> _How to complete this task_:
Each record must appear in the answer exactly as given.

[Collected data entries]
________

text \<open>HOL-Analysis has nearest points (closest_point) only in Euclidean spaces, so the
  projection theorem for complete inner product spaces is proved here.\<close>

lemma closed_convex_nearest_point_exists:
  fixes M :: "'a::{real_inner,complete_space} set"
  assumes "closed M" and "convex M" and "M \<noteq> {}"
  obtains m where "m \<in> M" and "\<And>a. a \<in> M \<Longrightarrow> norm (x - m) \<le> norm (x - a)"
proof -
  define d where "d = infdist x M"
  have "0 \<le> d" by (simp add: d_def infdist_nonneg)
  have d_le: "d \<le> norm (x - a)" if "a \<in> M" for a
    using infdist_le[OF that, of x] by (simp add: d_def dist_norm)
  have "\<exists>a\<in>M. norm (x - a)^2 < d^2 + inverse (real (Suc n))" for n
  proof -
    obtain a where "a \<in> M" and "dist x a ^ 2 < infdist x M ^ 2 + inverse (real (Suc n))"
      using infdist_sq_approx[OF \<open>M \<noteq> {}\<close>, of "inverse (real (Suc n))" x] by auto
    then show ?thesis by (auto simp: d_def dist_norm)
  qed
  then obtain m where m_in: "\<And>n. m n \<in> M"
    and m_near: "\<And>n. norm (x - m n)^2 < d^2 + inverse (real (Suc n))"
    by metis
  have "Cauchy m"
    using convex_minimizing_sequence_Cauchy[where m = m, OF \<open>convex M\<close> m_in m_near[unfolded d_def]] .
  then obtain m0 where lim: "m \<longlonglongrightarrow> m0" using Cauchy_convergent_iff convergent_def by blast
  have "norm (x - m0)^2 \<le> d^2"
  proof (rule tendsto_le[OF trivial_limit_sequentially])
    show "(\<lambda>n. d^2 + inverse (real (Suc n))) \<longlonglongrightarrow> d^2"
      using tendsto_add[OF tendsto_const LIMSEQ_inverse_real_of_nat] by simp
    show "(\<lambda>n. norm (x - m n)^2) \<longlonglongrightarrow> norm (x - m0)^2" by (intro tendsto_intros lim)
    show "\<forall>\<^sub>F n in sequentially. norm (x - m n)^2 \<le> d^2 + inverse (real (Suc n))"
      using m_near by (simp add: less_imp_le)
  qed
  then have "norm (x - m0) \<le> d" using \<open>0 \<le> d\<close> by (rule power2_le_imp_le)
  show ?thesis
  proof (rule that)
    show "m0 \<in> M" using \<open>closed M\<close> m_in lim closed_sequentially by blast
    show "norm (x - m0) \<le> norm (x - a)" if "a \<in> M" for a
      using \<open>norm (x - m0) \<le> d\<close> d_le[OF that] by linarith
  qed
qed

________

> _Problem solution_:
text \<open>HOL-Analysis has nearest points (closest_point) only in Euclidean spaces, so the
  projection theorem for complete inner product spaces is proved here.\<close>

lemma closed_convex_nearest_point_exists:
  fixes M :: "'a::{real_inner,complete_space} set"
  assumes "closed M" and "convex M" and "M \<noteq> {}"
  obtains m where "m \<in> M" and "\<And>a. a \<in> M \<Longrightarrow> norm (x - m) \<le> norm (x - a)"
proof -
  define d where "d = infdist x M"
  have "0 \<le> d" by (simp add: d_def infdist_nonneg)
  have d_le: "d \<le> norm (x - a)" if "a \<in> M" for a
    using infdist_le[OF that, of x] by (simp add: d_def dist_norm)
  have "\<exists>a\<in>M. norm (x - a)^2 < d^2 + inverse (real (Suc n))" for n
  proof -
    obtain a where "a \<in> M" and "dist x a ^ 2 < infdist x M ^ 2 + inverse (real (Suc n))"
      using infdist_sq_approx[OF \<open>M \<noteq> {}\<close>, of "inverse (real (Suc n))" x] by auto
    then show ?thesis by (auto simp: d_def dist_norm)
  qed
  then obtain m where m_in: "\<And>n. m n \<in> M"
    and m_near: "\<And>n. norm (x - m n)^2 < d^2 + inverse (real (Suc n))"
    by metis
  have "Cauchy m"
    using convex_minimizing_sequence_Cauchy[where m = m, OF \<open>convex M\<close> m_in m_near[unfolded d_def]] .
  then obtain m0 where lim: "m \<longlonglongrightarrow> m0" using Cauchy_convergent_iff convergent_def by blast
  have "norm (x - m0)^2 \<le> d^2"
  proof (rule tendsto_le[OF trivial_limit_sequentially])
    show "(\<lambda>n. d^2 + inverse (real (Suc n))) \<longlonglongrightarrow> d^2"
      using tendsto_add[OF tendsto_const LIMSEQ_inverse_real_of_nat] by simp
    show "(\<lambda>n. norm (x - m n)^2) \<longlonglongrightarrow> norm (x - m0)^2" by (intro tendsto_intros lim)
    show "\<forall>\<^sub>F n in sequentially. norm (x - m n)^2 \<le> d^2 + inverse (real (Suc n))"
      using m_near by (simp add: less_imp_le)
  qed
  then have "norm (x - m0) \<le> d" using \<open>0 \<le> d\<close> by (rule power2_le_imp_le)
  show ?thesis
  proof (rule that)
    show "m0 \<in> M" using \<open>closed M\<close> m_in lim closed_sequentially by blast
    show "norm (x - m0) \<le> norm (x - a)" if "a \<in> M" for a
      using \<open>norm (x - m0) \<le> d\<close> d_le[OF that] by linarith
  qed
qed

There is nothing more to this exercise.